LOL is a 2012 American teen romantic comedy-drama film written and directed by Lisa Azuelos. A remake of the 2008 French film LOL (Laughing Out Loud) (also directed by Azuelos), the film stars Miley Cyrus, Demi Moore, Ashley Greene, and Adam Sevani. It received a limited release in the United States on May 4, 2012, by Lionsgate. The film received mostly negative reviews from film critics and it earned $10.4 million on an $11 million budget, making it a box office bomb.

Plot
Lola "Lol" Williams leads an ordinary life in Chicago, with her boyfriend Chad and best friends Emily, Janice, and Kyle. When they return to school, after the summer, Lol discovers that Chad has cheated on her, so they break up.

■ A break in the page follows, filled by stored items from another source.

lemma fps_nth_deriv_binomial_power_mult_exp:
  fixes F :: "real fps"
  assumes "fps_nth F 0 = 1"
  shows "fps_nth_deriv m (binomial_power F x y * fps_exp c) =
    (\<Sum>k\<le>m. \<Sum>j=k..m. fps_const ((x gchoose k) * y ^ k * of_nat (m choose j) * c ^ (m - j)) *
        binomial_power F (x - of_nat k) y * (composition_sum F k j * fps_exp c))"
proof -
  let ?t = "\<lambda>k j. fps_const ((x gchoose k) * y ^ k * of_nat (m choose j) * c ^ (m - j)) *
        binomial_power F (x - of_nat k) y * (composition_sum F k j * fps_exp c)"
  have "fps_nth_deriv j (binomial_power F x y) = (\<Sum>k\<le>m. fps_const ((x gchoose k) * y ^ k) *
      binomial_power F (x - of_nat k) y * composition_sum F k j)" if "j \<le> m" for j
    unfolding fps_nth_deriv_binomial_power[OF assms]
    using that by (intro sum.mono_neutral_left) (auto simp: composition_sum_eq_0)
  then have "fps_nth_deriv m (binomial_power F x y * fps_exp c) =
      (\<Sum>j\<le>m. fps_const (of_nat (m choose j) * c ^ (m - j)) *
        (\<Sum>k\<le>m. fps_const ((x gchoose k) * y ^ k) *
          binomial_power F (x - of_nat k) y * composition_sum F k j)) * fps_exp c"
    unfolding fps_nth_deriv_mult_exp by (intro arg_cong2[where f = "(*)"] sum.cong) auto
  also have "\<dots> = (\<Sum>j\<le>m. \<Sum>k\<le>m. ?t k j)"
    unfolding sum_distrib_left sum_distrib_right
    by (intro sum.cong refl) (simp add: mult_ac flip: fps_const_mult)
  also have "\<dots> = (\<Sum>k\<le>m. \<Sum>j\<le>m. ?t k j)"
    by (rule sum.swap)
  also have "\<dots> = (\<Sum>k\<le>m. \<Sum>j=k..m. ?t k j)"
    by (intro sum.cong refl sum.mono_neutral_right) (auto simp: composition_sum_eq_0)
  finally show ?thesis .
qed

lemma power_div_fact_le_exp:
  fixes z :: real
  assumes "z \<ge> 0"
  shows "z ^ n / fact n \<le> exp z"
proof -
  have "(\<Sum>k\<in>{n}. z ^ k /\<^sub>R fact k) \<le> (\<Sum>k. z ^ k /\<^sub>R fact k)"
    using exp_converges[of z] assms by (intro sum_le_suminf) (auto simp: sums_iff)
  then show ?thesis
    by (simp add: exp_def divide_inverse mult.commute)
qed

lemma integrable_power_if_integrable_exp:
  fixes X :: "'a \<Rightarrow> real"
  assumes X: "X \<in> borel_measurable M" and t: "t > 0"
    and exp_pos: "integrable M (\<lambda>\<omega>. exp (t * X \<omega>))"
    and exp_neg: "integrable M (\<lambda>\<omega>. exp (- t * X \<omega>))"
  shows "integrable M (\<lambda>\<omega>. X \<omega> ^ n)"
proof (rule Bochner_Integration.integrable_bound)
  show "integrable M (\<lambda>\<omega>. fact n / t ^ n * (exp (t * X \<omega>) + exp (- t * X \<omega>)))"
    using exp_pos exp_neg by auto
  show "(\<lambda>\<omega>. X \<omega> ^ n) \<in> borel_measurable M"
    using X by measurable
  show "AE \<omega> in M. norm (X \<omega> ^ n) \<le> norm (fact n / t ^ n * (exp (t * X \<omega>) + exp (- t * X \<omega>)))"
  proof (rule AE_I2)
    fix \<omega>
    have "(t * \<bar>X \<omega>\<bar>) ^ n / fact n \<le> exp (t * \<bar>X \<omega>\<bar>)"
      using t by (intro power_div_fact_le_exp) auto
    also have "exp (t * \<bar>X \<omega>\<bar>) \<le> exp (t * X \<omega>) + exp (- t * X \<omega>)"
      by (cases "X \<omega> \<ge> 0") (auto simp: add_increasing add_increasing2)
    finally show "norm (X \<omega> ^ n) \<le> norm (fact n / t ^ n * (exp (t * X \<omega>) + exp (- t * X \<omega>)))"
      using t by (simp add: power_abs power_mult_distrib field_simps)
  qed
qed

lemma prod_insert_fun_upd:
  assumes "finite J" "q \<notin> J"
  shows "(\<Prod>p\<in>insert q J. g p ((b(q := e)) p)) = g q e * (\<Prod>p\<in>J. g p (b p))"
proof -
  have "(\<Prod>p\<in>J. g p ((b(q := e)) p)) = (\<Prod>p\<in>J. g p (b p))"
    using assms(2) by (intro prod.cong) auto
  then show ?thesis
    using assms by simp
qed

locale iid_copies = prob_space +
  fixes Y :: "'a \<Rightarrow> real" and Ys :: "nat \<Rightarrow> 'a \<Rightarrow> real"
  assumes measurable_Y: "Y \<in> borel_measurable M"
    and integrable_moments: "\<And>n. integrable M (\<lambda>\<omega>. Y \<omega> ^ n)"
    and indep_Ys: "indep_vars (\<lambda>_. borel) Ys {1..}"
    and distr_Ys: "\<And>p. p \<ge> 1 \<Longrightarrow> distr M borel (Ys p) = distr M borel Y"
begin

lemma
  assumes "p \<ge> 1"
  shows integrable_Ys_power: "integrable M (\<lambda>\<omega>. Ys p \<omega> ^ n)"
    and integral_Ys_power: "(\<integral>\<omega>. Ys p \<omega> ^ n \<partial>M) = (\<integral>\<omega>. Y \<omega> ^ n \<partial>M)"
proof -
  have Ys: "Ys p \<in> borel_measurable M"
    using indep_Ys assms unfolding indep_vars_def by auto
  have power: "(\<lambda>z::real. z ^ n) \<in> borel_measurable borel"
    by measurable
  show "integrable M (\<lambda>\<omega>. Ys p \<omega> ^ n)"
    using integrable_distr_eq[OF Ys power] integrable_distr_eq[OF measurable_Y power]
      integrable_moments distr_Ys[OF assms] by simp
  show "(\<integral>\<omega>. Ys p \<omega> ^ n \<partial>M) = (\<integral>\<omega>. Y \<omega> ^ n \<partial>M)"
    using integral_distr[OF Ys power] integral_distr[OF measurable_Y power] distr_Ys[OF assms]
    by simp
qed

lemma
  assumes "finite J" "J \<subseteq> {1..}"
  shows integrable_prod_Ys_power: "integrable M (\<lambda>\<omega>. \<Prod>p\<in>J. Ys p \<omega> ^ b p)"
    and integral_prod_Ys_power: "(\<integral>\<omega>. (\<Prod>p\<in>J. Ys p \<omega> ^ b p) \<partial>M) = (\<Prod>p\<in>J. \<integral>\<omega>. Y \<omega> ^ b p \<partial>M)"
proof -
  have "indep_vars (\<lambda>_. borel) (\<lambda>p \<omega>. Ys p \<omega> ^ b p) {1..}"
    by (rule indep_vars_compose2[OF indep_Ys]) measurable
  then have indep: "indep_vars (\<lambda>_. borel) (\<lambda>p \<omega>. Ys p \<omega> ^ b p) J"
    using indep_vars_subset assms(2) by blast
  have integrable: "\<And>p. p \<in> J \<Longrightarrow> integrable M (\<lambda>\<omega>. Ys p \<omega> ^ b p)"
    using integrable_Ys_power assms(2) by auto
  show "integrable M (\<lambda>\<omega>. \<Prod>p\<in>J. Ys p \<omega> ^ b p)"
    by (rule indep_vars_integrable[OF assms(1) indep integrable])
  have "(\<integral>\<omega>. (\<Prod>p\<in>J. Ys p \<omega> ^ b p) \<partial>M) = (\<Prod>p\<in>J. \<integral>\<omega>. Ys p \<omega> ^ b p \<partial>M)"
    by (rule indep_vars_lebesgue_integral[OF assms(1) indep integrable])
  also have "\<dots> = (\<Prod>p\<in>J. \<integral>\<omega>. Y \<omega> ^ b p \<partial>M)"
    using integral_Ys_power assms(2) by (intro prod.cong) auto
  finally show "(\<integral>\<omega>. (\<Prod>p\<in>J. Ys p \<omega> ^ b p) \<partial>M) = (\<Prod>p\<in>J. \<integral>\<omega>. Y \<omega> ^ b p \<partial>M)" .
qed

lemma integral_shifted_sum_power_prod:
  assumes "finite J" "J \<subseteq> {Suc k..}"
  shows "integrable M (\<lambda>\<omega>. ((\<Sum>p\<in>{1..k}. Ys p \<omega>) + c) ^ n * (\<Prod>p\<in>{1..k}. Ys p \<omega> ^ l p)
            * (\<Prod>p\<in>J. Ys p \<omega> ^ b p)) \<and>
    (\<integral>\<omega>. ((\<Sum>p\<in>{1..k}. Ys p \<omega>) + c) ^ n * (\<Prod>p\<in>{1..k}. Ys p \<omega> ^ l p)
            * (\<Prod>p\<in>J. Ys p \<omega> ^ b p) \<partial>M) =
    egf_coeff ((\<Prod>p\<in>{1..k}. fps_nth_deriv (l p) (mgf_fps M Y)) * fps_exp c) n
      * (\<Prod>p\<in>J. \<integral>\<omega>. Y \<omega> ^ b p \<partial>M)"
  \<comment> \<open>The factor over \<open>J\<close> absorbs the powers of \<open>Ys (Suc k)\<close> that arise when
  \<open>(S\<^sub>k + Ys (Suc k) + c)\<^sup>n\<close> is expanded in the induction step.\<close>
  using assms
proof (induction k arbitrary: J b n)
  case 0
  then have "J \<subseteq> {1..}"
    by auto
  with 0 show ?case
    using integrable_prod_Ys_power integral_prod_Ys_power by simp
next
  case (Suc k)
  let ?S = "\<lambda>\<omega>. (\<Sum>p\<in>{1..k}. Ys p \<omega>) + c"
  let ?P = "\<lambda>\<omega>. \<Prod>p\<in>{1..k}. Ys p \<omega> ^ l p"
  let ?A = "(\<Prod>p\<in>{1..k}. fps_nth_deriv (l p) (mgf_fps M Y)) * fps_exp c"
  let ?L = "l (Suc k)"
  define f where "f a \<omega> = ?S \<omega> ^ a * ?P \<omega> *
    (\<Prod>p\<in>insert (Suc k) J. Ys p \<omega> ^ (b(Suc k := n - a + ?L)) p)" for a \<omega>
  have J: "finite (insert (Suc k) J)" "insert (Suc k) J \<subseteq> {Suc k..}" "Suc k \<notin> J"
    using Suc.prems by auto
  have f: "f a \<omega> =
      ?S \<omega> ^ a * ?P \<omega> * (Ys (Suc k) \<omega> ^ (n - a + ?L) * (\<Prod>p\<in>J. Ys p \<omega> ^ b p))" for a \<omega>
    unfolding f_def using prod_insert_fun_upd[OF Suc.prems(1) J(3), of "\<lambda>p e. Ys p \<omega> ^ e"]
    by simp
  have IH: "integrable M (f a)" "integral\<^sup>L M (f a) = egf_coeff ?A a *
      ((\<integral>\<omega>. Y \<omega> ^ (n - a + ?L) \<partial>M) * (\<Prod>p\<in>J. \<integral>\<omega>. Y \<omega> ^ b p \<partial>M))" for a
    using Suc.IH[OF J(1,2), of a "b(Suc k := n - a + ?L)"]
      prod_insert_fun_upd[OF Suc.prems(1) J(3), of "\<lambda>_ e. \<integral>\<omega>. Y \<omega> ^ e \<partial>M"]
    unfolding f_def by auto
  have expand: "((\<Sum>p\<in>{1..Suc k}. Ys p \<omega>) + c) ^ n * (\<Prod>p\<in>{1..Suc k}. Ys p \<omega> ^ l p)
      * (\<Prod>p\<in>J. Ys p \<omega> ^ b p) = (\<Sum>a\<le>n. of_nat (n choose a) * f a \<omega>)" for \<omega>
  proof -
    have binom: "((\<Sum>p\<in>{1..Suc k}. Ys p \<omega>) + c) ^ n =
        (\<Sum>a\<le>n. of_nat (n choose a) * ?S \<omega> ^ a * Ys (Suc k) \<omega> ^ (n - a))"
      using binomial_ring[of "?S \<omega>" "Ys (Suc k) \<omega>" n] by (simp add: add_ac)
    show ?thesis
      unfolding binom f sum_distrib_right power_add by (intro sum.cong refl) (simp add: mult_ac)
  qed
  have "(\<Prod>p\<in>{1..Suc k}. fps_nth_deriv (l p) (mgf_fps M Y)) * fps_exp c =
      ?A * fps_nth_deriv ?L (mgf_fps M Y)"
    by (simp add: mult_ac)
  note egf = this[THEN arg_cong[where f = "\<lambda>f. egf_coeff f n"], unfolded egf_coeff_mult_deriv_mgf_fps]
  have "(\<integral>\<omega>. (\<Sum>a\<le>n. of_nat (n choose a) * f a \<omega>) \<partial>M) =
      (\<Sum>a\<le>n. of_nat (n choose a) * integral\<^sup>L M (f a))"
    using IH(1) by simp
  then show ?case
    unfolding expand egf using IH by (simp add: sum_distrib_left sum_distrib_right mult_ac)
qed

Lol and Kyle realize they have feelings for each other and pursue a relationship. This is difficult as Chad is his best friend, and Lol's nemesis, Ashley, is a flirt, especially with Kyle. His and Chad's band, No Shampoo, wants to compete in the battle of the bands, but Kyle's father does not support his passion for music and feels that it interferes with his schoolwork. Chad's jealousy towards Lol and Kyle's new relationship further complicates things.

Lol's mother, Anne, is a divorcée who frequently has sex with her ex-husband, Allen, until she discovers he has also been sleeping with another woman. She also begins to feel she and Lol are growing further apart. Lol throws a party and is caught by Anne who threatens to not allow her to go on her class trip to Paris. She is already grounded for the party.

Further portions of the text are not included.